:: YOUR TASK ::
After finding the line that includes "unfolding N_def using" in the records below, transcribe it and each line after it through the last, exactly, and add nothing.

:: SOURCE DATA ::

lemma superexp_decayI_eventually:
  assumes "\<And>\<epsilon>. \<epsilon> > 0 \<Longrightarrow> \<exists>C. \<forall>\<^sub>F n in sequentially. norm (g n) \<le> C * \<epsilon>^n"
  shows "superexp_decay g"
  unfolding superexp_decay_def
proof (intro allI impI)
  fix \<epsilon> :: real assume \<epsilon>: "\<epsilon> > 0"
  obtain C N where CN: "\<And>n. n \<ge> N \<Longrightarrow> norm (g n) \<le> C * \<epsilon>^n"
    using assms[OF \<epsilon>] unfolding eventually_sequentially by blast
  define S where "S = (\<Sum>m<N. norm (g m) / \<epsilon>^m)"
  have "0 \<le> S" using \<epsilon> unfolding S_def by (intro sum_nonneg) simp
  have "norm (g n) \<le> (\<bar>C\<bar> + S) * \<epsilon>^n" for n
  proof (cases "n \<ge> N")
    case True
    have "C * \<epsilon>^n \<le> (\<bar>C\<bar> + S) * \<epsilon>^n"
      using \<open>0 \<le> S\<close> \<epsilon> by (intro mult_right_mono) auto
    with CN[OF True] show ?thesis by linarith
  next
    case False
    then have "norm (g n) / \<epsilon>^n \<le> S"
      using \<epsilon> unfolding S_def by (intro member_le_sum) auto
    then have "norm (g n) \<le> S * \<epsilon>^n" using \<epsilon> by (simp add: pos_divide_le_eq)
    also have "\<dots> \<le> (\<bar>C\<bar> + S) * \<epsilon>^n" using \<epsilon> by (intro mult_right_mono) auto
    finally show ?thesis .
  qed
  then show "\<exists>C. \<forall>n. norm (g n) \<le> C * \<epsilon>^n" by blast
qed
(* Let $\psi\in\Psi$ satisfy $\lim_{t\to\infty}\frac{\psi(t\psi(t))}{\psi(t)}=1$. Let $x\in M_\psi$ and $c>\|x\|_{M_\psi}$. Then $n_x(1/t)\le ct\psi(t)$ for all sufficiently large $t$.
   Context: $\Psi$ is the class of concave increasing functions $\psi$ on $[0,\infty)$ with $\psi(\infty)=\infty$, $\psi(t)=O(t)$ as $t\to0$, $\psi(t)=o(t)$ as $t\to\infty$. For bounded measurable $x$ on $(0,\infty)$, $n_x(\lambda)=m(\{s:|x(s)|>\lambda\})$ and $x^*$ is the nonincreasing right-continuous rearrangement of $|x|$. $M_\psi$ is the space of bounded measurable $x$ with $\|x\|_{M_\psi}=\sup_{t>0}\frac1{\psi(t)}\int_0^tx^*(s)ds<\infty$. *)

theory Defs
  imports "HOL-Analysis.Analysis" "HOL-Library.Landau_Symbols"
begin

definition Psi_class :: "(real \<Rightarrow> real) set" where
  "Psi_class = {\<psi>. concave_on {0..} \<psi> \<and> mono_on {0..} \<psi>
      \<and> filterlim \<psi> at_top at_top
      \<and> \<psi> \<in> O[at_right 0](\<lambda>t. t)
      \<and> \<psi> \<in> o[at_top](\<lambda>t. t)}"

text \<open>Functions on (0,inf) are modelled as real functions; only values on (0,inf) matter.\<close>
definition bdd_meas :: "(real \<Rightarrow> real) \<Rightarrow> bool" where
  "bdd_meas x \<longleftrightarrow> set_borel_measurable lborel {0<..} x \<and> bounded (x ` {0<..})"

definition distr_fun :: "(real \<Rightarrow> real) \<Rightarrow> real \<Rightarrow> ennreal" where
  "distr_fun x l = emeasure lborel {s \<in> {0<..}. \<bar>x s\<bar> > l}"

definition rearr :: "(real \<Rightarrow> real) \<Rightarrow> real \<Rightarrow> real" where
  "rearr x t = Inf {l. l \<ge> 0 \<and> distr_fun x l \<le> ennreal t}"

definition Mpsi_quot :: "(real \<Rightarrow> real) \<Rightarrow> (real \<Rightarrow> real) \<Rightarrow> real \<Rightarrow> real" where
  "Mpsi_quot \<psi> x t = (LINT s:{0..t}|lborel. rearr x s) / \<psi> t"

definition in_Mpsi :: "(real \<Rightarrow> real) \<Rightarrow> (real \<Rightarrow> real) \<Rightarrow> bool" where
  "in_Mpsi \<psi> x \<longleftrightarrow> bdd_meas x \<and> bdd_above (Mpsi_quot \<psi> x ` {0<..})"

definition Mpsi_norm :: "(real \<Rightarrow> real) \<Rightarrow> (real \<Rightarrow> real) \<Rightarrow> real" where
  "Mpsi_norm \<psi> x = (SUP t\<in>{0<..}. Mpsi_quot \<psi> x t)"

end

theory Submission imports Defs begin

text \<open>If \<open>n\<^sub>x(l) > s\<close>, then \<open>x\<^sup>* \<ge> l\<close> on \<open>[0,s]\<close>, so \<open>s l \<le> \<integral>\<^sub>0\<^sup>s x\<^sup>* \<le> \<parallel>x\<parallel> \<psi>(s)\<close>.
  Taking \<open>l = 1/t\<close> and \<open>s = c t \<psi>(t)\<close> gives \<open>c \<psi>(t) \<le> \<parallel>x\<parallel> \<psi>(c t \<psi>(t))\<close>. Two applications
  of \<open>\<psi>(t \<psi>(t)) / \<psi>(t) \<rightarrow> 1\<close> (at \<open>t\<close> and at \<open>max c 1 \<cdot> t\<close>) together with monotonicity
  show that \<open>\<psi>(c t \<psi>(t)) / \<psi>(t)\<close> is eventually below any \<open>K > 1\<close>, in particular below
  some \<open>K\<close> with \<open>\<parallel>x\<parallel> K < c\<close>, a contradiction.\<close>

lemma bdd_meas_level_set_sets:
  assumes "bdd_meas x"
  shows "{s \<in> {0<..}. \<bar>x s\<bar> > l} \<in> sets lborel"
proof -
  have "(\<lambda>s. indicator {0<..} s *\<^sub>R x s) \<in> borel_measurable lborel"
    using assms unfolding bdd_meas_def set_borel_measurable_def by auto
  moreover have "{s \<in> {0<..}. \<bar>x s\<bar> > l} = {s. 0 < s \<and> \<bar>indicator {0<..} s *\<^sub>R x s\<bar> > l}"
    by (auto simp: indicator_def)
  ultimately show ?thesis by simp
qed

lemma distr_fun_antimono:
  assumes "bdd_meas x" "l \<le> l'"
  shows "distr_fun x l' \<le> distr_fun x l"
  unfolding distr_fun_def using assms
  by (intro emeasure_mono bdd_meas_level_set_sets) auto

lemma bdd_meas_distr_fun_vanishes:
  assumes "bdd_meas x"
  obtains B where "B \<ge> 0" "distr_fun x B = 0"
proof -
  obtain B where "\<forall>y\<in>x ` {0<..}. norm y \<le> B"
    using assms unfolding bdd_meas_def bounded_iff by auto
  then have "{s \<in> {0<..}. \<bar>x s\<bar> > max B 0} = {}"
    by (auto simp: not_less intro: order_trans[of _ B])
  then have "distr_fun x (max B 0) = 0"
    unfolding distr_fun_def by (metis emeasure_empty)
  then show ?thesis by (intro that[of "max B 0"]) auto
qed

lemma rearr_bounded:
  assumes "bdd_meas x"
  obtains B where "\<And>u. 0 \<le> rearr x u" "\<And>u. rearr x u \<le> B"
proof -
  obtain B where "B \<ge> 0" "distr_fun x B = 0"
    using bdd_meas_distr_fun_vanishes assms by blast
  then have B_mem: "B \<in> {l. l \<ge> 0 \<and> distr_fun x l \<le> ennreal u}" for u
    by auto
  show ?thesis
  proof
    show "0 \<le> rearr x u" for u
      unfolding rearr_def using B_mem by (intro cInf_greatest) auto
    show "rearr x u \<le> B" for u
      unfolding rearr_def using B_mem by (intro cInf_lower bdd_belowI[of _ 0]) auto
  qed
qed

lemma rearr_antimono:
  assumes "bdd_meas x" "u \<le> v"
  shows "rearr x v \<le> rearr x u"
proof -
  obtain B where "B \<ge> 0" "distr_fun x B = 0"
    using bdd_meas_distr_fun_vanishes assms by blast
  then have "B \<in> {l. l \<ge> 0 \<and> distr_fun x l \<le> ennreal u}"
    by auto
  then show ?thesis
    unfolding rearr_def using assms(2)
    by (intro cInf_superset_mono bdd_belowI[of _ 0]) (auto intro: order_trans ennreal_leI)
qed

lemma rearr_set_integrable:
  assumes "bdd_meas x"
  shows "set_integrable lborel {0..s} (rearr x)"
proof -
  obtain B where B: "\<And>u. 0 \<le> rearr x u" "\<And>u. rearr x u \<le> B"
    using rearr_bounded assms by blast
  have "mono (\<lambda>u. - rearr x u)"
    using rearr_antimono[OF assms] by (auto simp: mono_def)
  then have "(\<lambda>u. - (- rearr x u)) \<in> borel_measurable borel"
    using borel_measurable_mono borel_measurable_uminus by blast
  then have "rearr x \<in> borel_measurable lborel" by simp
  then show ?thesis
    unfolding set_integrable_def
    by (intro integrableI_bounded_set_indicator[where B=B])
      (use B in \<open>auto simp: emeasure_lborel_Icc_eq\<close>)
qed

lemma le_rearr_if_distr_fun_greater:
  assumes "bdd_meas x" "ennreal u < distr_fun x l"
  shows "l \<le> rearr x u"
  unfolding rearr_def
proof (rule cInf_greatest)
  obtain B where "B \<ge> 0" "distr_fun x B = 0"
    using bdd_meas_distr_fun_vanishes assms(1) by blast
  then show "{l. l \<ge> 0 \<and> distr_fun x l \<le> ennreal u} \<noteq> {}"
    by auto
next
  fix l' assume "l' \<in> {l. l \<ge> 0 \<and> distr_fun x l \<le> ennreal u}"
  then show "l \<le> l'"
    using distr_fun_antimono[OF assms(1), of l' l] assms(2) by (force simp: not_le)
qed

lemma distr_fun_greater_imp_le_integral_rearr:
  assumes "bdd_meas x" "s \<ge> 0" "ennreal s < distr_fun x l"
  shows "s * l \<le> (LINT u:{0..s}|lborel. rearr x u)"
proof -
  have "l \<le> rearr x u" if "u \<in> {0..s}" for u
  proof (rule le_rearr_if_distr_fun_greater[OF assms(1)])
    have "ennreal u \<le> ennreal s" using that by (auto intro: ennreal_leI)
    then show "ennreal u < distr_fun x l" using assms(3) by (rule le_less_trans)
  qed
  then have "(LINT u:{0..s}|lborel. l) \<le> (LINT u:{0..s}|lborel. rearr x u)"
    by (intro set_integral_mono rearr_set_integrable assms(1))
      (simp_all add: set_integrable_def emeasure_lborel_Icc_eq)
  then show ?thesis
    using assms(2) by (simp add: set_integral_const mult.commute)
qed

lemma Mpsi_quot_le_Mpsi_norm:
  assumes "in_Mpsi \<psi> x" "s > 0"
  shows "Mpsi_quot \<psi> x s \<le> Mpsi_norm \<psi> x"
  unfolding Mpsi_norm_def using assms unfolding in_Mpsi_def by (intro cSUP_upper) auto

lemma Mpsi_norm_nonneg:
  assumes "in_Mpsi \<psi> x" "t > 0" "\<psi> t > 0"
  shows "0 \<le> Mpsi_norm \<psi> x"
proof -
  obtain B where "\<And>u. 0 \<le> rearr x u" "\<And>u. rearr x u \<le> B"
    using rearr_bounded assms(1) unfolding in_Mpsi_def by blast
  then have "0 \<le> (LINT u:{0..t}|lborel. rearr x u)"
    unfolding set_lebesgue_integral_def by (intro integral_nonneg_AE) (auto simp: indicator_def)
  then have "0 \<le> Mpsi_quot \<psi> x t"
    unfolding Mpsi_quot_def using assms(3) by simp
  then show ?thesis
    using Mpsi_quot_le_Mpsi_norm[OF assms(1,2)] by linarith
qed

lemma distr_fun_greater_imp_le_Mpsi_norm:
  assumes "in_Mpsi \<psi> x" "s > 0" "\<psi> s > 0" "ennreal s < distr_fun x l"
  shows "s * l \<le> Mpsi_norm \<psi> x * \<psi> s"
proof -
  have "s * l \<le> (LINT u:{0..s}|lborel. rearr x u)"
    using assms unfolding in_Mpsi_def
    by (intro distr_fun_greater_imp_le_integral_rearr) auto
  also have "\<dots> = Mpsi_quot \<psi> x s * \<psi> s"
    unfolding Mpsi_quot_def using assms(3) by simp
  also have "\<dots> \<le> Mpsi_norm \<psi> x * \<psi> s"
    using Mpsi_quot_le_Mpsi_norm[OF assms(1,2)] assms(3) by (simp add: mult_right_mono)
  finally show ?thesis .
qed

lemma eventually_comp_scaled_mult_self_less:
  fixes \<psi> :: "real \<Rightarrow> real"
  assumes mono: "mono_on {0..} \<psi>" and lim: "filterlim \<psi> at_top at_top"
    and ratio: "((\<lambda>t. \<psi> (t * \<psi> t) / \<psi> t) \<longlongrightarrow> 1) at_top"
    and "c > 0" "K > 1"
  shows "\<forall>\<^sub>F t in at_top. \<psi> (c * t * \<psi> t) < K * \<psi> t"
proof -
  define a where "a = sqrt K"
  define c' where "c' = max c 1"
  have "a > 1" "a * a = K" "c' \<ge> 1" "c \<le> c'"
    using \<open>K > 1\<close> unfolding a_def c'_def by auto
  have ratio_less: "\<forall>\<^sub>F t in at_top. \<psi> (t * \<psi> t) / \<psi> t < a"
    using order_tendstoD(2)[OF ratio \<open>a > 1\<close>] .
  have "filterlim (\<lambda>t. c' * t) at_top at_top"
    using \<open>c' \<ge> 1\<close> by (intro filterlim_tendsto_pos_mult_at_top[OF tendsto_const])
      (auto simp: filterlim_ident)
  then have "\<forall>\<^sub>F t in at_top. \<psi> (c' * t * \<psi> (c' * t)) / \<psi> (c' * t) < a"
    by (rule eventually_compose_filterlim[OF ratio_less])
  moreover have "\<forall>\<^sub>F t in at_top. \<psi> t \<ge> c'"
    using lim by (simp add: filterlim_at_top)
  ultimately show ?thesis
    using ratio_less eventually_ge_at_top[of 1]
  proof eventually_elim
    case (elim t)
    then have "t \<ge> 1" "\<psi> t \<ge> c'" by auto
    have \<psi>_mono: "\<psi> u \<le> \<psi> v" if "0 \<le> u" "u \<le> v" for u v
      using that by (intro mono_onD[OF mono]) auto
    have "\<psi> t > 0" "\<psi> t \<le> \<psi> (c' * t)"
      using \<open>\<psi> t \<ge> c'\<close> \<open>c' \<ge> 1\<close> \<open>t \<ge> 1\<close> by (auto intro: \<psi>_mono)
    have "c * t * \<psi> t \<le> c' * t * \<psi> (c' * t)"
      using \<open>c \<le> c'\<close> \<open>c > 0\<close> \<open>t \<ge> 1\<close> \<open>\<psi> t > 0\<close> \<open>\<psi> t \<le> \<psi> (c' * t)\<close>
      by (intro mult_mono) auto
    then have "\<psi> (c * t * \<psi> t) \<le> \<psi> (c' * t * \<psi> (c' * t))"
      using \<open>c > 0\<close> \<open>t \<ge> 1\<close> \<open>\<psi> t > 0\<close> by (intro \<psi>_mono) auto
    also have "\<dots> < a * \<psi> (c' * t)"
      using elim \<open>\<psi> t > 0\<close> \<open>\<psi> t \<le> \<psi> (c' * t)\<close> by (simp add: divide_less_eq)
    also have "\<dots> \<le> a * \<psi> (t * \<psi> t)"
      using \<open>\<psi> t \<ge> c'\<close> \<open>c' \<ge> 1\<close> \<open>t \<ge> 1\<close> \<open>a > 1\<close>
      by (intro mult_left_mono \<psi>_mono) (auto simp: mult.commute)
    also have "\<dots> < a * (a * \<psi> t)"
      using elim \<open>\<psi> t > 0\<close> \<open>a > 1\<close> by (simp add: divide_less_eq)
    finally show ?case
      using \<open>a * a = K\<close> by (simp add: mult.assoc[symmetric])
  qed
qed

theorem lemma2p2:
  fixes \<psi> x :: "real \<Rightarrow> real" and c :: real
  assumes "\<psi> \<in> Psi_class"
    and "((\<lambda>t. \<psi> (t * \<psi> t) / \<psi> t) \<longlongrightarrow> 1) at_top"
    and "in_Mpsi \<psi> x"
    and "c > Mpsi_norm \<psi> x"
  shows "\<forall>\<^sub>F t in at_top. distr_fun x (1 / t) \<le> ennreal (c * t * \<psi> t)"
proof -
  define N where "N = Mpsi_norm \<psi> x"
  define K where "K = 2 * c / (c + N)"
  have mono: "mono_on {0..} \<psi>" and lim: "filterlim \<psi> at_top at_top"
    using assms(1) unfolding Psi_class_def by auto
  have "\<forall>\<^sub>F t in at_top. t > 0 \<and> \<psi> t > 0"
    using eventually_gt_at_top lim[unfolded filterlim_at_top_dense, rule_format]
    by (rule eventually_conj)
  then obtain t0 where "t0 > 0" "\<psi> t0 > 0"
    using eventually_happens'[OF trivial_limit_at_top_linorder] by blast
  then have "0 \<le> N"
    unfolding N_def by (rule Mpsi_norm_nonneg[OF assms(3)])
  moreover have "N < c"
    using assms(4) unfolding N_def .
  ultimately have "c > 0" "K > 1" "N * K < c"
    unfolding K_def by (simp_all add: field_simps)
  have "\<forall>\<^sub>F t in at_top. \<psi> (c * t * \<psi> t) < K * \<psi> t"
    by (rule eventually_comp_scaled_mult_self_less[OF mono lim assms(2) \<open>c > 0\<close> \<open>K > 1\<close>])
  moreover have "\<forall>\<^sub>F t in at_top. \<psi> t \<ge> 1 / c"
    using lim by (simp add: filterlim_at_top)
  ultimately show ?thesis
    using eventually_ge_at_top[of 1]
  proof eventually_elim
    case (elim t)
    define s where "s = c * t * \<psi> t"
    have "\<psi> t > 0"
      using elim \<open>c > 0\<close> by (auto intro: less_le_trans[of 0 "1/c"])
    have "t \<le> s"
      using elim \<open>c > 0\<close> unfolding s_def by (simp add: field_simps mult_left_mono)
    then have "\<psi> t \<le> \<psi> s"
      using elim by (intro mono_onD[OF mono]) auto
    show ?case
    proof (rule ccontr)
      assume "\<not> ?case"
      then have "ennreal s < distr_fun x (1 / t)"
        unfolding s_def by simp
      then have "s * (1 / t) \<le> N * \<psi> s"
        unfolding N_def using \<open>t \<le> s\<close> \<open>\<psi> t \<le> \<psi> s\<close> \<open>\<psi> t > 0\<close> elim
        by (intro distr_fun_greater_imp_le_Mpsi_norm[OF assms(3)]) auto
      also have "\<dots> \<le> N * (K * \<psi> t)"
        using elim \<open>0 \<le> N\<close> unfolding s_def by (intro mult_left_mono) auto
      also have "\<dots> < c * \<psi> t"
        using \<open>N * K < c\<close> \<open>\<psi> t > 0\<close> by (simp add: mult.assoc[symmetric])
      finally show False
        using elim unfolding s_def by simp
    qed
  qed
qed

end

:: TASK ANSWER ::
        unfolding N_def using \<open>t \<le> s\<close> \<open>\<psi> t \<le> \<psi> s\<close> \<open>\<psi> t > 0\<close> elim
        by (intro distr_fun_greater_imp_le_Mpsi_norm[OF assms(3)]) auto
      also have "\<dots> \<le> N * (K * \<psi> t)"
        using elim \<open>0 \<le> N\<close> unfolding s_def by (intro mult_left_mono) auto
      also have "\<dots> < c * \<psi> t"
        using \<open>N * K < c\<close> \<open>\<psi> t > 0\<close> by (simp add: mult.assoc[symmetric])
      finally show False
        using elim unfolding s_def by simp
    qed
  qed
qed

end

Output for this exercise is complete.